# youngblood - from chi-town, il



## Guest (Sep 27, 2009)




----------



## pawel (Oct 2, 2007)

Welcome hope you love chicago, its a great city.


----------



## Guest (Sep 27, 2009)

... I will see. Just started here.
As soon as the snow is here, I feel much better.


----------



## Guest (Sep 28, 2009)

Hi mate, looking great on stills.
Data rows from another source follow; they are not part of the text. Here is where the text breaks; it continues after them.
definition nor_cone_X :: "'a::euclidean_space set \<Rightarrow> 'a \<Rightarrow> 'a set" where
  "nor_cone_X X x = (if x \<in> interior X then {0} else uminus ` nor_cone (compl_closure X) x)"

definition critical_point :: "('a::euclidean_space \<Rightarrow> real) \<Rightarrow> 'a set \<Rightarrow> 'a \<Rightarrow> bool" where
  "critical_point f X x \<longleftrightarrow> x \<in> X \<and>
     (\<exists>g. GDERIV f x :> g \<and> g \<in> uminus ` nor_cone_X X x)"

definition regular_value :: "('a::euclidean_space \<Rightarrow> real) \<Rightarrow> 'a set \<Rightarrow> real \<Rightarrow> bool" where
  "regular_value f X c \<longleftrightarrow> (\<forall>x \<in> X \<inter> f -` {c}. \<not> critical_point f X x)"

fun Ck :: "nat \<Rightarrow> ('a::euclidean_space \<Rightarrow> real) \<Rightarrow> bool" where
  "Ck 0 f = continuous_on UNIV f"
| "Ck (Suc k) f = ((\<forall>x. f differentiable (at x)) \<and>
      (\<forall>i\<in>Basis. Ck k (\<lambda>x. frechet_derivative f (at x) i)))"

definition smooth_map :: "('a::euclidean_space \<Rightarrow> 'b::euclidean_space) \<Rightarrow> bool" where
  "smooth_map \<eta> \<longleftrightarrow> (\<forall>k. \<forall>b\<in>Basis. Ck k (\<lambda>x. inner (\<eta> x) b))"

definition hausdorff_dist :: "'a::euclidean_space set \<Rightarrow> 'a set \<Rightarrow> ereal" where
  "hausdorff_dist A B =
     (if A = {} \<and> B = {} then 0
      else if A = {} \<or> B = {} then \<infinity>
      else max (SUP a\<in>A. ereal (infdist a B)) (SUP b\<in>B. ereal (infdist b A)))"

end

theory Submission
  imports Defs
begin
(* Let $\Theta$ be a compact subset of $(0,1/2)\times(\mathbb{R}^2\setminus\Delta)$, $\Delta=\{(x,x):x\in\mathbb{R}\}$, and let $P<1/2$ be such that $p\le P$ for all $(p,\alpha,\beta)\in\Theta$. Let $g$ be a probability density on $\mathbb{R}$ of the form $g(x)=p_0f(x-\alpha_0)+(1-p_0)f(x-\beta_0)$ with $(p_0,\alpha_0,\beta_0)\in\Theta$ and $f$ a probability density, and let $X_1,\dots,X_n$ be real numbers (observations). For $\theta=(p,\alpha,\beta)\in\Theta$, $u\in\mathbb{R}$, let $M(\theta,u)=pe^{iu\alpha}+(1-p)e^{iu\beta}$, $$Z_k(\theta,u)=\frac{e^{iuX_k}}{M(\theta,u)}-\frac{e^{-iuX_k}}{M(\theta,-u)},\qquad J(\theta,u)=\frac{g^*(u)}{M(\theta,u)}-\frac{g^*(-u)}{M(\theta,-u)},$$ and let $\dot Z_k,\dot J$ and $\ddot Z_k$ denote the gradients and the Hessian with respect to $\theta$. Then for all $u\in\mathbb{R}$ and all $k\in\{1,\dots,n\}$: 1. $\max\{\sup_{\theta\in\Theta}|Z_k(\theta,u)|,\sup_{\theta\in\Theta}|J(\theta,u)|\}\le\frac{2}{1-2P}$; 2. $\max\{\sup_{\theta\in\Theta}\|\dot Z_k(\theta,u)\|,\sup_{\theta\in\Theta}\|\dot J(\theta,u)\|\}\le\frac{4(1+|u|)}{(1-2P)^2}$; 3. $\|\ddot Z_k(\theta,u)\|_2\le\frac{C(1+|u|+u^2)}{(1-2P)^3}$ for some absolute constant $C>0$ and all $\theta\in\Theta$.
   Context: $g^*(u)=\int e^{ixu}g(x)\,dx$ is the Fourier transform; $\|v\|$ is the Euclidean (Hermitian) norm of a vector and $\|A\|_2^2=\mathrm{tr}(A^\top A)$ for a matrix $A$. *)

theory Defs
  imports "HOL-Analysis.Analysis"
begin

text \<open>Parameters theta = (p, alpha, beta) are encoded as vectors in real^3:
  theta$1 = p, theta$2 = alpha, theta$3 = beta.\<close>

definition prob_density :: "(real \<Rightarrow> real) \<Rightarrow> bool" where
  "prob_density f \<longleftrightarrow> f \<in> borel_measurable lborel \<and> (\<forall>x. 0 \<le> f x)
      \<and> integrable lborel f \<and> integral\<^sup>L lborel f = 1"

definition fourier :: "(real \<Rightarrow> real) \<Rightarrow> real \<Rightarrow> complex" where
  "fourier g u = integral\<^sup>L lborel (\<lambda>x. cis (u * x) * complex_of_real (g x))"

definition Mfun :: "real^3 \<Rightarrow> real \<Rightarrow> complex" where
  "Mfun \<theta> u = complex_of_real (\<theta>$1) * cis (u * \<theta>$2)
             + complex_of_real (1 - \<theta>$1) * cis (u * \<theta>$3)"

definition Zfun :: "real \<Rightarrow> real^3 \<Rightarrow> real \<Rightarrow> complex" where
  "Zfun x \<theta> u = cis (u * x) / Mfun \<theta> u - cis (- u * x) / Mfun \<theta> (- u)"

definition Jfun :: "(real \<Rightarrow> real) \<Rightarrow> real^3 \<Rightarrow> real \<Rightarrow> complex" where
  "Jfun g \<theta> u = fourier g u / Mfun \<theta> u - fourier g (- u) / Mfun \<theta> (- u)"

definition partial :: "3 \<Rightarrow> (real^3 \<Rightarrow> complex) \<Rightarrow> real^3 \<Rightarrow> complex" where
  "partial i F \<theta> = frechet_derivative F (at \<theta>) (axis i 1)"

text \<open>Gradient as a vector in complex^3 (its norm is the Hermitian norm) and Hessian as a
  complex 3x3 matrix (its norm is the Frobenius norm sqrt(sum |a_ij|^2)).\<close>
definition grad :: "(real^3 \<Rightarrow> complex) \<Rightarrow> real^3 \<Rightarrow> complex^3" where
  "grad F \<theta> = (\<chi> i. partial i F \<theta>)"

definition hessian :: "(real^3 \<Rightarrow> complex) \<Rightarrow> real^3 \<Rightarrow> complex^3^3" where
  "hessian F \<theta> = (\<chi> i j. partial j (partial i F) \<theta>)"

end

theory Submission
  imports Defs
begin

text \<open>Both Z_k and J have the form c1 / M(\<theta>,u) - c2 / M(\<theta>,-u) with |c1|, |c2| \<le> 1
  (for J because |g^*| \<le> \<integral>g = 1). Since p \<le> P < 1/2, the reverse triangle inequality gives
  |M(\<theta>,\<plusminus>u)| \<ge> (1 - p) - p \<ge> 1 - 2P, while the first and second partials of M are bounded by
  2 + |u| and |u| + u^2. Differentiating the quotients once and twice and bounding every
  entry termwise yields the three estimates.\<close>

definition has_partials :: "(real^'n \<Rightarrow> complex) \<Rightarrow> ('n \<Rightarrow> complex) \<Rightarrow> real^'n \<Rightarrow> bool" where
  "has_partials F D t \<longleftrightarrow> (F has_derivative (\<lambda>h. \<Sum>i\<in>UNIV. complex_of_real (h$i) * D i)) (at t)"

lemma has_derivative_vec_nth: "((\<lambda>t::real^'n. t$i) has_derivative (\<lambda>h. h$i)) F"
  by (rule bounded_linear_imp_has_derivative) auto

lemma partial_eq_if_has_partials:
  assumes "has_partials F D t"
  shows "partial j F t = D j"
proof -
  have "partial j F t = (\<Sum>i\<in>UNIV. complex_of_real (axis j 1 $ i) * D i)"
    unfolding partial_def frechet_derivative_at[OF assms[unfolded has_partials_def], symmetric] ..
  also have "\<dots> = (\<Sum>i\<in>UNIV. if i = j then D i else 0)"
    by (rule sum.cong) (auto simp: axis_def)
  finally show ?thesis by simp
qed

lemma has_partials_cong:
  assumes "has_partials F D t" "\<And>s. F s = G s" "\<And>i. D i = E i"
  shows "has_partials G E t"
  using assms by (metis ext)

lemma has_partials_const: "has_partials (\<lambda>s. c) (\<lambda>i. 0) t"
  by (simp add: has_partials_def)

lemma has_partials_diff:
  assumes "has_partials F D t" "has_partials G E t"
  shows "has_partials (\<lambda>s. F s - G s) (\<lambda>i. D i - E i) t"
  using has_derivative_diff[OF assms[unfolded has_partials_def]]
  by (simp add: has_partials_def sum_subtractf right_diff_distrib)

lemma has_partials_mult:
  assumes "has_partials F D t" "has_partials G E t"
  shows "has_partials (\<lambda>s. F s * G s) (\<lambda>i. F t * E i + D i * G t) t"
proof -
  have "(\<lambda>h. \<Sum>i\<in>UNIV. complex_of_real (h$i) * (F t * E i + D i * G t))
      = (\<lambda>h. F t * (\<Sum>i\<in>UNIV. complex_of_real (h$i) * E i) + (\<Sum>i\<in>UNIV. complex_of_real (h$i) * D i) * G t)"
    by (simp add: distrib_left sum.distrib sum_distrib_left sum_distrib_right mult_ac)
  then show ?thesis
    using has_derivative_mult[OF assms[unfolded has_partials_def]] by (simp add: has_partials_def)
qed
(* Let $X$ be a complete CAT(0) space, $f:X\to(-\infty,\infty]$ a proper, convex, lower semicontinuous function, $C\subseteq X$ nonempty, and $\psi:[0,\infty)\to[0,\infty)$ an increasing function vanishing only at $0$. Assume $f$ is uniformly convex on $C$ with modulus $\psi$, and let $\gamma>0$ be such that $J_\gamma(C)\subseteq C$. Then: (1) for all $u,v\in C$, $d^2(J_\gamma u,v)\le d^2(u,v)-d^2(u,J_\gamma u)-2\gamma(f(J_\gamma u)-f(v))-2\gamma\psi(d(v,J_\gamma u))$; (2) for all $x,y\in C$, $d^2(J_\gamma x,J_\gamma y)\le d^2(x,y)-4\gamma\psi(d(J_\gamma x,J_\gamma y))$.
   Context: A geodesic space $(X,d)$ is CAT(0) if for all $z\in X$, all geodesics $\gamma:[a,b]\to X$ and all $t\in[0,1]$, $d^2(z,\gamma((1-t)a+tb))\le(1-t)d^2(z,\gamma(a))+td^2(z,\gamma(b))-t(1-t)d^2(\gamma(a),\gamma(b))$; $(1-t)x+ty$ denotes the point at distance $t\,d(x,y)$ from $x$ on the unique geodesic from $x$ to $y$. $J_\gamma(x):=\arg\min_{y\in X}\left[f(y)+\frac1{2\gamma}d^2(x,y)\right]$ (exists uniquely). $f$ is uniformly convex on $C$ with modulus $\psi$ if for all $x,y\in C$, $t\in[0,1]$: $f((1-t)x+ty)\le(1-t)f(x)+tf(y)-t(1-t)\psi(d(x,y))$. *)

theory Defs
  imports "HOL-Analysis.Analysis" "HOL-Library.Extended_Real"
begin

definition geodesic :: "(real \<Rightarrow> 'a::metric_space) \<Rightarrow> real \<Rightarrow> real \<Rightarrow> bool" where
  "geodesic g a b \<longleftrightarrow> a \<le> b \<and> (\<forall>s\<in>{a..b}. \<forall>t\<in>{a..b}. dist (g s) (g t) = \<bar>s - t\<bar>)"

definition geodesic_space :: "'a::metric_space itself \<Rightarrow> bool" where
  "geodesic_space _ \<longleftrightarrow> (\<forall>x y::'a. \<exists>g. geodesic g 0 (dist x y) \<and> g 0 = x \<and> g (dist x y) = y)"
lemma kapply_pair_avg_eq_0:
  assumes wf: "\<And>l. act l \<Longrightarrow> ofs + 2 * l + 1 < B" and x: "plateau B x s \<mu>"
    and "i < B" "s < i"
    and above: "\<And>l. act l \<Longrightarrow> i = ofs + 2 * l \<or> i = ofs + 2 * l + 1 \<Longrightarrow> s < ofs + 2 * l"
  shows "kapply B (pair_avg act ofs) x i = 0"
proof (cases "\<exists>l. act l \<and> (i = ofs + 2 * l \<or> i = ofs + 2 * l + 1)")
  case True
  then obtain l where l: "act l" "i = ofs + 2 * l \<or> i = ofs + 2 * l + 1" by blast
  then have "x (ofs + 2 * l) = 0" "x (ofs + 2 * l + 1) = 0"
    using above[OF l] x wf[OF l(1)] by (auto simp: plateau_def)
  then show ?thesis using pair_avg_apply_pair[of act ofs B l i x, OF wf l] by simp
next
  case False
  then show ?thesis
    using pair_avg_apply_unpaired[OF wf \<open>i < B\<close>] x \<open>i < B\<close> \<open>s < i\<close> by (auto simp: plateau_def)
qed

lemma plateau_pair_avg_extend:
  assumes wf: "\<And>l. act l \<Longrightarrow> ofs + 2 * l + 1 < B" and x: "plateau B x s \<mu>" and "0 \<le> \<mu>"
    and s: "s = ofs + 2 * l\<^sub>0" "act l\<^sub>0"
  shows "plateau B (kapply B (pair_avg act ofs) x) (Suc s) (\<mu> / 2)"
  unfolding plateau_def
proof (intro conjI allI impI)
  fix i assume "i < B"
  show "0 \<le> kapply B (pair_avg act ofs) x i" by (rule kapply_pair_avg_nonneg[OF x])
  show "\<mu> / 2 \<le> kapply B (pair_avg act ofs) x i" if "i \<le> Suc s"
  proof (cases "i = s \<or> i = Suc s")
    case True
    have "Suc s < B" using wf s by simp
    then have "\<mu> \<le> x s" "0 \<le> x (Suc s)" using x by (auto simp: plateau_def)
    then show ?thesis
      using pair_avg_apply_pair[of act ofs B l\<^sub>0 i x, OF wf s(2)] True s(1) by auto
  next
    case False
    then have "i < s" using that by simp
    have "\<mu> \<le> kapply B (pair_avg act ofs) x i"
      by (rule kapply_pair_avg_ge[OF wf x \<open>i < B\<close>]) (use \<open>i < s\<close> s(1) in \<open>simp_all, arith\<close>)
    then show ?thesis using \<open>0 \<le> \<mu>\<close> by linarith
  qed
  show "kapply B (pair_avg act ofs) x i = 0" if "Suc s < i"
    by (rule kapply_pair_avg_eq_0[OF wf x \<open>i < B\<close>]) (use that in auto)
qed
lemma blksz_minus_win_lo_ge:
  "real (nat (int (blksz d) + 2 - win_lo \<gamma> d)) \<ge> (real (blksz d) - 1) / 2 + real d powr (1 / 3 + \<gamma>)"
proof -
  have lo: "real_of_int (win_lo \<gamma> d) \<le> real d powr (2 / 3) / 2 - real d powr (1 / 3 + \<gamma>)"
    unfolding win_lo_def by linarith
  then have "real (blksz d) + 2 - real_of_int (win_lo \<gamma> d) \<ge> 0"
    using blksz_bounds(1)[of d] powr_ge_zero[of "real d" "1 / 3 + \<gamma>"] by linarith
  then have eq: "real (nat (int (blksz d) + 2 - win_lo \<gamma> d))
      = real (blksz d) + 2 - real_of_int (win_lo \<gamma> d)"
    by simp
  show ?thesis
    unfolding eq using lo blksz_bounds(1)[of d] by argo
qed

lemma Suc_times_blksz_le:
  assumes "i + 1 < nblocks d"
  shows "(i + 1) * blksz d \<le> d"
proof -
  have "blksz d > 0"
    using assms unfolding nblocks_def by (cases "blksz d = 0") auto
  moreover have "i + 2 \<le> (d + blksz d - 1) div blksz d"
    using assms unfolding nblocks_def by simp
  ultimately have "(i + 2) * blksz d \<le> d + blksz d - 1"
    by (simp add: less_eq_div_iff_mult_less_eq)
  then show ?thesis
    by (simp add: algebra_simps)
qed

lemma nblocks_le: "nblocks d \<le> d"
proof (cases "d = 0")
  case True
  then show ?thesis
    by (simp add: nblocks_def blksz_def)
next
  case False
  then have "blksz d > 0"
    by (simp add: blksz_pos)
  then have "d + blksz d - 1 < (d + 1) * blksz d"
    using False by (cases "blksz d") auto
  then have "(d + blksz d - 1) div blksz d < d + 1"
    by (rule less_mult_imp_div_less)
  then show ?thesis
    unfolding nblocks_def by simp
qed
Welcome aboard and also new here


----------



## wrathfuldeity (Oct 5, 2007)

chi is great for blues....mmmaybe not for snowboarding.


----------



## pawel (Oct 2, 2007)

wrathfuldeity said:


> chi is great for blues....mmmaybe not for snowboarding.


haha definitely not for snowboarding


----------



## Cr0_Reps_Smit (Jun 27, 2009)

^ i actually found out awhile ago that its called the windy city not because its super windy there but because it use to be a big area for politicians or something like that and they had very "long winded" speeches. just a tid bit of information ha


----------



## Guest (Sep 29, 2009)

... thx to all.
This is making a smile on my face after a long hard-working day.

Maybe, I will find someone in this area to have good times here.

And it's also possible to take a plane to Vancouver, Jackson Hole or Colorado.


----------